The pivotal scene in last season’s Nora Theater Company production of The Women Who Mapped the Stars takes place around a dinner table in the year 1900. Or maybe it’s 1910. Or perhaps 1923.
Whatever.
Four nineteenth century women scientists from Harvard’s Observatory (Williamina Fleming, Henrietta Swan Leavitt, Annie Jump Cannon, and Antonia Maury, though few called them ‘scientist’ in those days) are celebrating the New Year, the new century, and imagining new possibilities for women. Cecilia Payne, a British woman who studied at Cambridge (though could not earn a degree), who’s crossed the Atlantic to pursue a PhD. at Harvard, crashes her mentor’s party. It’s a wonderful scene, layered in scientific irony. Bending time confounds the Victorians who, though deep thinkers, know nothing of Einstein. Yet collecting generations of female scientists in a singular place across time confirms a central fact of Cecilia’s reality: relativity.

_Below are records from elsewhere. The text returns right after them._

(* Let $q\ge2$ be an integer, $\mu>0$, and let $\hat Q_\ell$ ($\ell=1,\dots,q-1$) and $\hat P$ be the $q\times q$ matrices defined in the context. Then for every $t\in\mathbb N$ and all $\ell\neq\ell'$ in $\{1,\dots,q-1\}$: $$\det(\hat I+t\hat P)=1-\mu t(t+1)\frac{q}{q-1},$$ $$\det(\hat I+t\hat Q_\ell)=1-\mu t(t-1)\frac{q-2}{q-1}-t^2\mu^2\frac{q(q-2)}{(q-1)^2},$$ $$\det(\hat I+\hat P+\hat Q_\ell)=1-\mu\frac{2q}{q-1}-\mu^2\frac{4q(q-2)}{(q-1)^2},$$ $$\det(\hat I+\hat Q_\ell+\hat Q_{\ell'})=1+\mu\frac{2}{q-1}-\mu^2\frac{(3q-1)(q-3)}{(q-1)^2}-\mu^3\frac{2q(q-3)}{(q-1)^2}.$$
   Context: For $m=1,\dots,q-2$ and $l=1,\dots,q$: $\alpha_{m,l}=\frac{1}{\sqrt{m(m+1)}}$ if $l\le m$, $\alpha_{m,l}=\frac{-m}{\sqrt{m(m+1)}}$ if $l=m+1$, $\alpha_{m,l}=0$ if $l>m+1$. For $m=1,\dots,q$ set $\omega_{m,l}=\alpha_{m,l}$ if $m\le q-2$ and $\omega_{m,l}=0$ otherwise. For $m,m'\in\{1,\dots,q\}$: $$(\hat Q_l)_{mm'}=\mu\,\omega_{m,l}\omega_{m',l}+\sqrt\mu\sqrt{1+\mu\tfrac{q}{q-1}}\,\big[\omega_{m,l}\delta_{m',q-1}+\omega_{m',l}\delta_{m,q-1}\big],$$ and, with $c=\mu\frac{q}{q-1}$, $\hat P_{mm'}=(1+c)^{-1}\times\{c$ if $m=m'=q$; $-c(2+c)$ if $m=m'=q-1$; $\sqrt\mu\sqrt{q/(q-1)}$ if $\{m,m'\}=\{q-1,q\}$; $0$ otherwise$\}$. $\hat I$ is the $q\times q$ identity. *)

theory Defs
  imports "Jordan_Normal_Form.Determinant"
begin

text \<open>Entries use the paper's 1-based indices m, l in 1..q; the q x q matrices
  (Jordan_Normal_Form, 0-based) have entry (i,j) equal to the paper's entry (i+1,j+1).\<close>

definition alpha :: "nat \<Rightarrow> nat \<Rightarrow> nat \<Rightarrow> real" where
  "alpha q m l = (if l \<le> m then 1 / sqrt (real m * (real m + 1))
                  else if l = m + 1 then - real m / sqrt (real m * (real m + 1))
                  else 0)"

definition omega :: "nat \<Rightarrow> nat \<Rightarrow> nat \<Rightarrow> real" where
  "omega q m l = (if 1 \<le> m \<and> m \<le> q - 2 then alpha q m l else 0)"

definition kron :: "nat \<Rightarrow> nat \<Rightarrow> real" where
  "kron a b = (if a = b then 1 else 0)"

definition Qhat_entry :: "nat \<Rightarrow> real \<Rightarrow> nat \<Rightarrow> nat \<Rightarrow> nat \<Rightarrow> real" where
  "Qhat_entry q \<mu> l m m' =
     \<mu> * omega q m l * omega q m' l
     + sqrt \<mu> * sqrt (1 + \<mu> * (real q / (real q - 1)))
       * (omega q m l * kron m' (q - 1) + omega q m' l * kron m (q - 1))"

Satisfying as that scene is, the purest nugget of wisdom in The Women Who Mapped The Stars occurs later. Cecilia is frustrated by observations and calculations that consistently indicate stars are composed primarily of hydrogen; when everyone ‘knows’ they are primarily metals. She craves to see something fresh, new, to be the first, the ‘discoverer.’ Annie Jump Cannon appears at her side and offers a completely opposite perspective; how every time she looks at the night sky, she feels a connection, a unity, with every other creature enjoying that very same view.
Although Cecilia is most definitely female, her 1920’s garb and short bob, render her masculine beside her nineteenth century forebears. Similarly, her desire to stand out, rather than fit in, conforms to our traditional notions of male versus female behavior.
The charm and depth of The Woman Who Mapped the Stars is how it confounds our ideas of women, of science, of progress without hitting us over the head with it (except maybe in the too long finale). The play’s message—a feminist call to enable curiosity and creativity wherever it’s found—lingers well beyond the play’s end.
I don’t what the future holds for this intriguing piece of theater. Although it was developed at MIT and Harvard and caters to Cambridge’s uber rationality, it warrants a wide audience. If you get a chance to see it, grab the opportunity. Like relativity, what The Women Who Mapped the Stars reveals applies to all of us, everywhere.